PROBLEM TO WORK ON.
Each line from the one that contains "theory Defs" to the end of the material must be quoted exactly; include both end lines and nothing else.

[[ RECORDS open ]]

(* Let $\mathcal A$ (analysis units, $|\mathcal A|=n_a$) and $\mathcal R$ (randomization units, $|\mathcal R|=n_r$) be finite sets, let $\mathbf T=(T_r)_{r\in\mathcal R}$ be the random treatment vector, and let $E_{ar}:\{0,1\}^{n_r}\to\{0,1\}$, $e_{ar}=E_{ar}(\mathbf T)$, $w_{ar}$, $\alpha_a,\beta_a$, $x_a$, $y_a$, $\mu$, $\mathcal W_a(\mathbf 1)$, $z^u_a$, $\hat\beta^u_a$, $\widehat{\mathcal W_a(\mathbf 1)}^c$ be as in the context. Suppose $G\subset\mathcal A\times\mathcal R$ is a known anchor subgraph. Assume: (a) edges are $r$-driven; (b) the treatment assignments $T_r$, $r\in\mathcal R$, are independent Bernoulli random variables with success probability $p\in(0,1)$; (c) $\{(a,r)\mid u_{ar}\neq 0\}\subset G$; (d) $c_{ar}=\mathbb I((a,r)\in G)$ for all $(a,r)$; (e) $w_{ar}\neq 0$ for all $(a,r)\in G$; and (f) $|\{r\mid u_{ar}\neq 0\}|>0$ for all $a\in\mathcal A$. Then $$\hat\mu^{u,c}=\frac1{n_a}\sum_{a\in\mathcal A}\hat\beta^u_a\cdot\widehat{\mathcal W_a(\mathbf 1)}^c$$ is an unbiased estimator of the total treatment effect $\mu$, i.e.\ $\mathbb E[\hat\mu^{u,c}]=\mu$.
   Context: Setting (endogenous bipartite interference graph). $\mathcal A$ is a set of $n_a$ analysis units, $\mathcal R$ a set of $n_r$ randomization units. A random treatment vector $\mathbf T=(T_r)_{r\in\mathcal R}\in\{0,1\}^{n_r}$ is assigned; all randomness comes from $\mathbf T$. For each $(a,r)\in\mathcal A\times\mathcal R$ there is an (unknown) edge potential outcome function $E_{ar}:\{0,1\}^{n_r}\to\{0,1\}$; its realization $e_{ar}=E_{ar}(\mathbf T)$ is observed. Edges are called $r$-driven if for every $(a,r)$, $E_{ar}(\mathbf T)$ depends on $\mathbf T$ only through $T_r$; then $e_{ar}(1)$ denotes the value of $E_{ar}$ when $T_r=1$ (so $e_{ar}(1)=E_{ar}(\mathbf 1)$). An anchor subgraph is a set $G\subset\mathcal A\times\mathcal R$ such that $E_{ar}(\mathbf T)=1$ for every $\mathbf T\in\{0,1\}^{n_r}$ and every $(a,r)\in G$. Outcome model: given known real weights $w_{ar}$, the potential outcome of analysis unit $a$ is $Y_a(\mathbf T)=\alpha_a+\beta_a x_a$ where $x_a=\sum_r T_r E_{ar}(\mathbf T)w_{ar}$ and $\alpha_a,\beta_a$ are unknown fixed constants; the realized outcome is $y_a=Y_a(\mathbf T)$. The total treatment effect (TTE) is $\mu=\frac1{n_a}\sum_a[Y_a(\mathbf 1)-Y_a(\mathbf 0)]=\frac1{n_a}\sum_a\mathcal W_a(\mathbf 1)\beta_a$, where $\mathcal W_a(\mathbf 1)=\sum_r w_{ar}E_{ar}(\mathbf 1)$ and $\mathbf 1,\mathbf 0$ are the all-treated and all-control vectors. Estimators: for fixed researcher-chosen real weights $u_{ar}$ and $c_{ar}$, let $z^u_a=\sum_r T_r u_{ar}$, $\hat\beta^u_a=y_a\,(z^u_a-\mathbb E z^u_a)/\mathrm{Cov}(x_a,z^u_a)$, and $\widehat{\mathcal W_a(\mathbf 1)}^c=\sum_r\left[\frac{T_r w_{ar}(e_{ar}-c_{ar})}{p}+w_{ar}c_{ar}\right]$, where $p$ is the treatment probability.
   Formalization: The covariance $\mathrm{Cov}(x_a,z^u_a)$ is also assumed to be nonzero for every analysis unit $a\in\mathcal A$. The statement above fails without it. *)

theory Defs
  imports "HOL-Probability.Probability"
begin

[[ RECORDS closed ]]

EXERCISE SOLUTION.
theory Defs
  imports "HOL-Probability.Probability"
begin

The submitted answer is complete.